→ **Work to be completed**
Run through the records and show each line that includes the string "within".

Dataset entries
lemma trunc_dphi_unbounded:
  assumes dphi: "strict_mono_on {0..} dphi" "dphi 0 = 0" "filterlim dphi at_top at_top"
    and dm: "0 \<le> dm" "dm \<le> 1" and dp: "1 \<le> dp" and s: "0 \<le> s"
  shows "\<exists>t\<ge>0. s \<le> trunc_dphi dphi dm dp t"
proof (cases dp)
  case (real d)
  with dp have d: "1 \<le> d"
    by simp
  have "0 < dphi d"
    using strict_mono_onD[OF dphi(1), of 0 d] dphi(2) d by simp
  define t where "t = max d (s * d / dphi d)"
  have "trunc_clamp dm dp t = d"
    using real d dm by (auto simp: trunc_clamp_def t_def min_def)
  have "s = dphi d * ((s * d / dphi d) / d)"
    using \<open>0 < dphi d\<close> d by simp
  also have "\<dots> \<le> dphi d * (t / d)"
    using \<open>0 < dphi d\<close> d by (intro mult_left_mono divide_right_mono) (auto simp: t_def)
  also have "\<dots> = trunc_dphi dphi dm dp t"
    using \<open>trunc_clamp dm dp t = d\<close> d by (simp add: trunc_dphi_eq t_def)
  finally show ?thesis
    using d by (intro exI[of _ t]) (auto simp: t_def)
next
  case PInf
  obtain N where N: "\<And>n. N \<le> n \<Longrightarrow> s \<le> dphi n"
    using dphi(3) unfolding filterlim_at_top eventually_at_top_linorder by blast
  define t where "t = max N 1"
  have "trunc_clamp dm dp t = t"
    using PInf dm by (auto simp: trunc_clamp_def t_def max_def)
  then have "trunc_dphi dphi dm dp t = dphi t"
    by (simp add: trunc_dphi_eq t_def)
  then show ?thesis
    using N[of t] by (intro exI[of _ t]) (auto simp: t_def)
qed (use dp in simp)

lemma trunc_clamp_ge: "0 \<le> t \<Longrightarrow> 1 \<le> dp \<Longrightarrow> min t 1 \<le> trunc_clamp dm dp t"
  by (cases dp) (auto simp: trunc_clamp_def min_def)

lemma continuous_on_trunc_clamp:
  "continuous_on (({0..1} \<times> {1..}) \<times> {0..}) (\<lambda>((dm, dp), t). trunc_clamp dm dp t)"
proof -
  let ?D = "({0..1::real} \<times> {1::ereal..}) \<times> {0::real..}"
  have "continuous_on ?D (\<lambda>z. min (ereal (snd z)) (snd (fst z)))"
    by (intro continuous_intros)
  moreover have "\<bar>min (ereal (snd z)) (snd (fst z))\<bar> \<noteq> \<infinity>" if "z \<in> ?D" for z
    using that by (cases "snd (fst z)") (auto simp: min_def)
  ultimately have "continuous_on ?D (\<lambda>z. real_of_ereal (min (ereal (snd z)) (snd (fst z))))"
    using continuous_on_iff_real[of ?D "\<lambda>z. min (ereal (snd z)) (snd (fst z))"] by (simp add: comp_def)
  then show ?thesis
    unfolding trunc_clamp_def split_beta by (intro continuous_intros)
qed

lemma continuous_on_mult_quotient:
  fixes f :: "real \<Rightarrow> real"
  assumes f: "continuous_on {0..} f" "f 0 = 0"
  shows "continuous_on {(m, t). 0 \<le> t \<and> min t 1 \<le> m} (\<lambda>(m, t). f m * (t / m))"
  unfolding continuous_on_def
proof (intro ballI)
  let ?D = "{(m, t). 0 \<le> t \<and> min t 1 \<le> m}"
  fix z0 :: "real \<times> real"
  assume z0: "z0 \<in> ?D"
  let ?F = "at z0 within ?D"
  have dom: "eventually (\<lambda>z. z \<in> ?D) ?F"
    by (simp add: eventually_at_filter always_eventually)
  have m_nonneg: "0 \<le> fst z" if "z \<in> ?D" for z :: "real \<times> real"
    using that by (auto simp: min_def split: if_splits)
  have f_lim: "((\<lambda>z. f (fst z)) \<longlongrightarrow> f (fst z0)) ?F"
    by (rule continuous_on_tendsto_compose[OF f(1) tendsto_fst[OF tendsto_ident_at]])
      (use m_nonneg[OF z0] eventually_mono[OF dom m_nonneg] in simp_all)
  have "((\<lambda>z. f (fst z) * (snd z / fst z)) \<longlongrightarrow> f (fst z0) * (snd z0 / fst z0)) ?F"
  proof (cases "fst z0 = 0")
    case False
    then show ?thesis
      by (intro tendsto_intros f_lim) auto
  next
    case True
    with z0 have "snd z0 = 0"
      by (auto simp: min_def split: if_splits)
    then have "eventually (\<lambda>z. z \<in> ?D \<and> snd z < 1) ?F"
      using dom order_tendstoD(2)[OF tendsto_snd[OF tendsto_ident_at[of z0 ?D]], of 1]
      by (auto intro: eventually_conj)
    then have "eventually (\<lambda>z. norm (f (fst z) * (snd z / fst z)) \<le> norm (f (fst z)) * 1) ?F"
    proof (rule eventually_mono)
      fix z :: "real \<times> real"
      assume "z \<in> ?D \<and> snd z < 1"
      then have "\<bar>snd z / fst z\<bar> \<le> 1"
        by (cases "fst z = 0") (auto simp: divide_le_eq_1 min_def split: if_splits)
      then show "norm (f (fst z) * (snd z / fst z)) \<le> norm (f (fst z)) * 1"
        unfolding real_norm_def abs_mult by (rule mult_left_mono) simp
    qed
    moreover have "((\<lambda>z. f (fst z)) \<longlongrightarrow> 0) ?F"
      using f_lim True f(2) by simp
    ultimately have "((\<lambda>z. f (fst z) * (snd z / fst z)) \<longlongrightarrow> 0) ?F"
      by (rule tendsto_0_le[rotated])
    then show ?thesis
      using True f(2) by simp
  qed
  then show "((\<lambda>(m, t). f m * (t / m)) \<longlongrightarrow> (case z0 of (m, t) \<Rightarrow> f m * (t / m))) ?F"
    by (simp add: case_prod_unfold)
qed

lemma continuous_on_trunc_dphi:
  assumes dphi: "continuous_on {0..} dphi" "dphi 0 = 0"
  shows "continuous_on (({0..1} \<times> {1..}) \<times> {0..}) (\<lambda>((dm, dp), t). trunc_dphi dphi dm dp t)"
proof -
  let ?D = "({0..1::real} \<times> {1::ereal..}) \<times> {0::real..}"
  define M where "M z = trunc_clamp (fst (fst z)) (snd (fst z)) (snd z)" for z
  have "continuous_on ?D (\<lambda>z. (M z, snd z))"
    using continuous_on_trunc_clamp unfolding M_def split_beta by (intro continuous_intros)
  moreover have "(\<lambda>z. (M z, snd z)) ` ?D \<subseteq> {(m, t). 0 \<le> t \<and> min t 1 \<le> m}"
    using trunc_clamp_ge by (auto simp: M_def)
  ultimately have "continuous_on ?D (\<lambda>z. dphi (M z) * (snd z / M z))"
    using continuous_on_compose2[OF continuous_on_mult_quotient[OF dphi], of ?D "\<lambda>z. (M z, snd z)"]
    by simp
  then show ?thesis
    by (rule continuous_on_eq) (auto simp: trunc_dphi_eq M_def)
qed

lemma increasing_profile_on_trunc_dphi:
  assumes "uniformly_convex_N_function phi dphi"
  shows "increasing_profile_on ({0..1} \<times> {1..}) (\<lambda>(dm, dp). trunc_dphi dphi dm dp)"
proof -
  have cont: "continuous_on {0..} dphi" and zero: "dphi 0 = 0"
    and at_top: "filterlim dphi at_top at_top"
    using assms unfolding uniformly_convex_N_function_def N_function_def by auto
  note mono = uniformly_convex_N_function_strict_mono[OF assms]
  show ?thesis
    unfolding increasing_profile_on_def
    using continuous_on_trunc_dphi[OF cont zero] trunc_dphi_strict_mono[OF mono zero]
      trunc_dphi_unbounded[OF mono zero at_top]
    by (auto simp: split_beta trunc_dphi_def)
qed

theorem lemmaA9:
  fixes phi dphi :: "real \<Rightarrow> real"
  assumes "uniformly_convex_N_function phi dphi"
  shows "(continuous_on ({0..1} \<times> {1..} \<times> {0..})
           (\<lambda>(dm, dp, t). trunc_dphi dphi dm dp t)) \<and>
         (continuous_on ({0..1} \<times> {1..} \<times> UNIV)
           (\<lambda>(dm, dp, Q::real^'n^'n). A_trunc dphi dm dp Q)) \<and>
         (continuous_on ({0..1} \<times> {1..} \<times> UNIV)
           (\<lambda>(dm, dp, Q::real^'n^'n). A_trunc_inv dphi dm dp Q)) \<and>
         (continuous_on ({0..1} \<times> {1..} \<times> UNIV)
           (\<lambda>(dm, dp, Q::real^'n^'n). V_trunc dphi dm dp Q)) \<and>
         (continuous_on ({0..1} \<times> {1..} \<times> UNIV)
           (\<lambda>(dm, dp, Q::real^'n^'n). V_trunc_inv dphi dm dp Q))"
proof -
  let ?S = "{0..1::real} \<times> {1::ereal..}"
  define r where "r = (\<lambda>(dm, dp). trunc_dphi dphi dm dp)"
  define v where "v x t = sqrt (r x t * t)" for x t
  have r: "increasing_profile_on ?S r"
    unfolding r_def by (rule increasing_profile_on_trunc_dphi[OF assms])
  have v: "increasing_profile_on ?S v"
    unfolding v_def by (rule increasing_profile_on_sqrt[OF r])
  have A: "A_trunc dphi dm dp = radial r (dm, dp)" and V: "V_trunc dphi dm dp = radial v (dm, dp)"
    for dm dp
    by (simp_all add: fun_eq_iff A_trunc_def V_trunc_def radial_def r_def v_def)
  show ?thesis
  proof (intro conjI)
    show "continuous_on ({0..1} \<times> {1..} \<times> {0..}) (\<lambda>(dm, dp, t). trunc_dphi dphi dm dp t)"
      using assms unfolding uniformly_convex_N_function_def N_function_def
      by (intro continuous_on_prod_assoc continuous_on_trunc_dphi) auto
    show "continuous_on ({0..1} \<times> {1..} \<times> UNIV) (\<lambda>(dm, dp, Q::real^'n^'n). A_trunc dphi dm dp Q)"
      using increasing_profile_on_radial_continuous[OF r] by (simp add: A)
    show "continuous_on ({0..1} \<times> {1..} \<times> UNIV) (\<lambda>(dm, dp, Q::real^'n^'n). V_trunc dphi dm dp Q)"
      using increasing_profile_on_radial_continuous[OF v] by (simp add: V)
    show "continuous_on ({0..1} \<times> {1..} \<times> UNIV) (\<lambda>(dm, dp, Q::real^'n^'n). A_trunc_inv dphi dm dp Q)"
      using increasing_profile_on_radial_continuous[OF increasing_profile_on_profile_inv[OF r]]
      by (rule continuous_on_eq) (auto simp: A_trunc_inv_def A inv_radial[OF r])
    show "continuous_on ({0..1} \<times> {1..} \<times> UNIV) (\<lambda>(dm, dp, Q::real^'n^'n). V_trunc_inv dphi dm dp Q)"
      using increasing_profile_on_radial_continuous[OF increasing_profile_on_profile_inv[OF v]]
      by (rule continuous_on_eq) (auto simp: V_trunc_inv_def V inv_radial[OF v])
  qed
qed

end
(* A C*-algebra $A$ is AF if and only if there exists a map $\rho\colon A\to A$ such that $\|a-\rho(a)\|<1$ for every $a\in A$ and $C^*(\{\rho(a)\}_{a\in F})$ is finite-dimensional for every finite subset $F$ of $A$.
   Context: A C*-algebra is AF if it has a directed family of finite-dimensional C*-subalgebras with dense union. $C^*(S)$ denotes the C*-subalgebra generated by $S$. The map $\rho$ is an arbitrary function (not assumed linear or continuous). *)

theory Defs
  imports "HOL-Analysis.Analysis"
begin

text \<open>The real scalar multiplication of the
underlying real Banach algebra is the restriction of the complex one.\<close>

class cstar_algebra = real_normed_algebra + banach +
  fixes scaleC :: "complex \<Rightarrow> 'a \<Rightarrow> 'a"
    and adj :: "'a \<Rightarrow> 'a"
  assumes scaleC_of_real: "scaleC (complex_of_real r) x = scaleR r x"
    and scaleC_add_right: "scaleC c (x + y) = scaleC c x + scaleC c y"
    and scaleC_add_left: "scaleC (c + d) x = scaleC c x + scaleC d x"
    and scaleC_scaleC: "scaleC c (scaleC d x) = scaleC (c * d) x"
    and norm_scaleC: "norm (scaleC c x) = cmod c * norm x"
    and mult_scaleC_left: "scaleC c x * y = scaleC c (x * y)"
    and mult_scaleC_right: "x * scaleC c y = scaleC c (x * y)"
    and adj_adj: "adj (adj x) = x"
    and adj_add: "adj (x + y) = adj x + adj y"
    and adj_scaleC: "adj (scaleC c x) = scaleC (cnj c) (adj x)"
    and adj_mult: "adj (x * y) = adj y * adj x"
    and cstar_identity: "norm (adj x * x) = (norm x)\<^sup>2"

definition cstar_subalgebra :: "'a::cstar_algebra set \<Rightarrow> bool" where
  "cstar_subalgebra B \<longleftrightarrow>
     0 \<in> B \<and>
     (\<forall>x\<in>B. \<forall>y\<in>B. x + y \<in> B) \<and>
     (\<forall>c. \<forall>x\<in>B. scaleC c x \<in> B) \<and>
     (\<forall>x\<in>B. \<forall>y\<in>B. x * y \<in> B) \<and>
     (\<forall>x\<in>B. adj x \<in> B) \<and>
     closed B"

definition cstar_gen :: "'a::cstar_algebra set \<Rightarrow> 'a set" where
  "cstar_gen S = \<Inter>{B. cstar_subalgebra B \<and> S \<subseteq> B}"

definition cspan :: "'a::cstar_algebra set \<Rightarrow> 'a set" where
  "cspan E = {x. \<exists>c. x = (\<Sum>e\<in>E. scaleC (c e) e)}"

definition fin_dim :: "'a::cstar_algebra set \<Rightarrow> bool" where
  "fin_dim B \<longleftrightarrow> (\<exists>E. finite E \<and> B \<subseteq> cspan E)"

definition AF_algebra :: "'a::cstar_algebra itself \<Rightarrow> bool" where
  "AF_algebra _ \<longleftrightarrow>
     (\<exists>\<F> :: 'a set set.
        \<F> \<noteq> {} \<and>
        (\<forall>B\<in>\<F>. cstar_subalgebra B \<and> fin_dim B) \<and>
        (\<forall>B1\<in>\<F>. \<forall>B2\<in>\<F>. \<exists>B3\<in>\<F>. B1 \<union> B2 \<subseteq> B3) \<and>
        closure (\<Union>\<F>) = UNIV)"

end

theory Submission
  imports Defs
begin

text \<open>If \<open>A\<close> is AF, choose \<open>\<rho> a\<close> in the dense union within distance 1 of \<open>a\<close>; by
directedness the finitely many values \<open>\<rho> ` F\<close> lie in a single finite-dimensional
C*-subalgebra, which then contains \<open>C*(\<rho> ` F)\<close>. Conversely, the algebras
\<open>C*(\<rho> ` F)\<close> for finite \<open>F\<close> form a directed family of finite-dimensional
C*-subalgebras; their union is closed under scaling and meets every unit ball,
hence every ball, so it is dense.\<close>

lemma cstar_subalgebra_cstar_gen: "cstar_subalgebra (cstar_gen S)"
  unfolding cstar_subalgebra_def cstar_gen_def
  by (auto simp: cstar_subalgebra_def intro!: closed_Inter)

lemma cstar_gen_superset: "S \<subseteq> cstar_gen S"
  unfolding cstar_gen_def by auto

lemma cstar_gen_minimal: "cstar_subalgebra B \<Longrightarrow> S \<subseteq> B \<Longrightarrow> cstar_gen S \<subseteq> B"
  unfolding cstar_gen_def by auto

lemma cstar_gen_mono: "S \<subseteq> T \<Longrightarrow> cstar_gen S \<subseteq> cstar_gen T"
  by (meson cstar_gen_superset cstar_gen_minimal cstar_subalgebra_cstar_gen order_trans)

lemma cstar_subalgebra_scaleR: "cstar_subalgebra B \<Longrightarrow> x \<in> B \<Longrightarrow> scaleR r x \<in> B"
  unfolding cstar_subalgebra_def by (metis scaleC_of_real)

lemma fin_dim_subset: "fin_dim B \<Longrightarrow> A \<subseteq> B \<Longrightarrow> fin_dim A"
  unfolding fin_dim_def by blast

lemma directed_family_finite_subset:
  assumes "\<F> \<noteq> {}" and "\<forall>B1\<in>\<F>. \<forall>B2\<in>\<F>. \<exists>B3\<in>\<F>. B1 \<union> B2 \<subseteq> B3"
    and "finite S" and "S \<subseteq> \<Union>\<F>"
  shows "\<exists>B\<in>\<F>. S \<subseteq> B"
  using assms(3,4)
proof (induction S rule: finite_induct)
  case empty
  then show ?case using assms(1) by blast
next
  case (insert x S)
  then obtain B B' where "B \<in> \<F>" "S \<subseteq> B" "B' \<in> \<F>" "x \<in> B'" by auto
  moreover obtain B3 where "B3 \<in> \<F>" "B \<union> B' \<subseteq> B3"
    using assms(2) \<open>B \<in> \<F>\<close> \<open>B' \<in> \<F>\<close> by blast
  ultimately show ?case by blast
qed

text \<open>To come within \<open>e\<close> of \<open>x\<close>, approximate \<open>x / e\<close> and scale back by \<open>e\<close>.\<close>

lemma dense_if_scaling_invariant_unit_approx:
  fixes S :: "'a::real_normed_vector set"
  assumes scale: "\<And>r y. y \<in> S \<Longrightarrow> scaleR r y \<in> S"
    and approx: "\<And>a. \<exists>y\<in>S. norm (a - y) < 1"
  shows "closure S = UNIV"
proof -
  have "\<exists>y\<in>S. dist y x < e" if "e > 0" for x and e :: real
  proof -
    obtain y where "y \<in> S" and y: "norm (x /\<^sub>R e - y) < 1"
      using approx by blast
    have "x - e *\<^sub>R y = e *\<^sub>R (x /\<^sub>R e - y)"
      using \<open>e > 0\<close> by (simp add: scaleR_diff_right)
    then have "norm (x - e *\<^sub>R y) = e * norm (x /\<^sub>R e - y)"
      using \<open>e > 0\<close> by simp
    also have "\<dots> < e" using y \<open>e > 0\<close> by simp
    finally show ?thesis
      using scale[OF \<open>y \<in> S\<close>] by (auto simp: dist_norm norm_minus_commute)
  qed
  then show ?thesis by (auto simp: closure_approachable)
qed

lemma AF_algebra_imp_approximating_map:
  assumes "AF_algebra TYPE('a::cstar_algebra)"
  obtains \<rho> :: "'a::cstar_algebra \<Rightarrow> 'a"
  where "\<And>a. norm (a - \<rho> a) < 1"
    and "\<And>F. finite F \<Longrightarrow> fin_dim (cstar_gen (\<rho> ` F))"
proof -
  obtain \<F> :: "'a set set" where ne: "\<F> \<noteq> {}"
    and sub: "\<forall>B\<in>\<F>. cstar_subalgebra B \<and> fin_dim B"
    and dir: "\<forall>B1\<in>\<F>. \<forall>B2\<in>\<F>. \<exists>B3\<in>\<F>. B1 \<union> B2 \<subseteq> B3"
    and dense: "closure (\<Union>\<F>) = UNIV"
    using assms unfolding AF_algebra_def by (elim exE conjE)
  have "\<forall>a. \<exists>y. y \<in> \<Union>\<F> \<and> norm (a - y) < 1"
  proof
    fix a :: 'a
    have "a \<in> closure (\<Union>\<F>)" using dense by simp
    then obtain y where "y \<in> \<Union>\<F>" "dist y a < 1"
      unfolding closure_approachable using zero_less_one by blast
    then show "\<exists>y. y \<in> \<Union>\<F> \<and> norm (a - y) < 1"
      by (auto simp: dist_norm norm_minus_commute)
  qed
  then obtain \<rho> where \<rho>: "\<And>a. \<rho> a \<in> \<Union>\<F> \<and> norm (a - \<rho> a) < 1"
    by metis
  have "fin_dim (cstar_gen (\<rho> ` F))" if "finite F" for F
  proof -
    obtain B where "B \<in> \<F>" "\<rho> ` F \<subseteq> B"
      using directed_family_finite_subset[OF ne dir] \<rho> \<open>finite F\<close> by blast
    with sub show ?thesis
      by (meson cstar_gen_minimal fin_dim_subset)
  qed
  then show thesis using that \<rho> by blast
qed

lemma approximating_map_imp_AF_algebra:
  fixes \<rho> :: "'a::cstar_algebra \<Rightarrow> 'a"
  assumes approx: "\<And>a. norm (a - \<rho> a) < 1"
    and fin: "\<And>F. finite F \<Longrightarrow> fin_dim (cstar_gen (\<rho> ` F))"
  shows "AF_algebra TYPE('a)"
proof -
  define \<F> where "\<F> = {cstar_gen (\<rho> ` F) | F. finite F}"
  have nonempty: "\<F> \<noteq> {}"
    unfolding \<F>_def by blast
  have subalgebras: "\<forall>B\<in>\<F>. cstar_subalgebra B \<and> fin_dim B"
    unfolding \<F>_def using cstar_subalgebra_cstar_gen fin by blast
  have directed: "\<forall>B1\<in>\<F>. \<forall>B2\<in>\<F>. \<exists>B3\<in>\<F>. B1 \<union> B2 \<subseteq> B3"
  proof (intro ballI)
    fix B1 B2 assume "B1 \<in> \<F>" "B2 \<in> \<F>"
    then obtain F1 F2 where "finite F1" "finite F2"
      and "B1 = cstar_gen (\<rho> ` F1)" "B2 = cstar_gen (\<rho> ` F2)"
      unfolding \<F>_def by blast
    moreover have "cstar_gen (\<rho> ` (F1 \<union> F2)) \<in> \<F>"
      unfolding \<F>_def using \<open>finite F1\<close> \<open>finite F2\<close> by blast
    ultimately show "\<exists>B3\<in>\<F>. B1 \<union> B2 \<subseteq> B3"
      by (metis Un_least Un_upper1 Un_upper2 cstar_gen_mono image_mono)
  qed
  have dense: "closure (\<Union>\<F>) = UNIV"
  proof (rule dense_if_scaling_invariant_unit_approx)
    show "scaleR r y \<in> \<Union>\<F>" if "y \<in> \<Union>\<F>" for r y
      using that subalgebras cstar_subalgebra_scaleR by blast
    show "\<exists>y\<in>\<Union>\<F>. norm (a - y) < 1" for a
    proof
      show "\<rho> a \<in> \<Union>\<F>"
        unfolding \<F>_def using cstar_gen_superset[of "\<rho> ` {a}"] by blast
    qed (rule approx)
  qed
  show ?thesis
    unfolding AF_algebra_def by (intro exI[of _ \<F>] conjI nonempty subalgebras directed dense)
qed

theorem lemma6p1:
  shows "AF_algebra TYPE('a::cstar_algebra) \<longleftrightarrow>
    (\<exists>\<rho> :: 'a \<Rightarrow> 'a.
       (\<forall>a. norm (a - \<rho> a) < 1) \<and>
       (\<forall>F. finite F \<longrightarrow> fin_dim (cstar_gen (\<rho> ` F))))"
proof
  assume "AF_algebra TYPE('a)"
  then show "\<exists>\<rho> :: 'a \<Rightarrow> 'a. (\<forall>a. norm (a - \<rho> a) < 1) \<and>
      (\<forall>F. finite F \<longrightarrow> fin_dim (cstar_gen (\<rho> ` F)))"
    by (rule AF_algebra_imp_approximating_map) blast
qed (blast intro: approximating_map_imp_AF_algebra)

end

→ **Exercise solution**
  let ?F = "at z0 within ?D"
text \<open>If \<open>A\<close> is AF, choose \<open>\<rho> a\<close> in the dense union within distance 1 of \<open>a\<close>; by
text \<open>To come within \<open>e\<close> of \<open>x\<close>, approximate \<open>x / e\<close> and scale back by \<open>e\<close>.\<close>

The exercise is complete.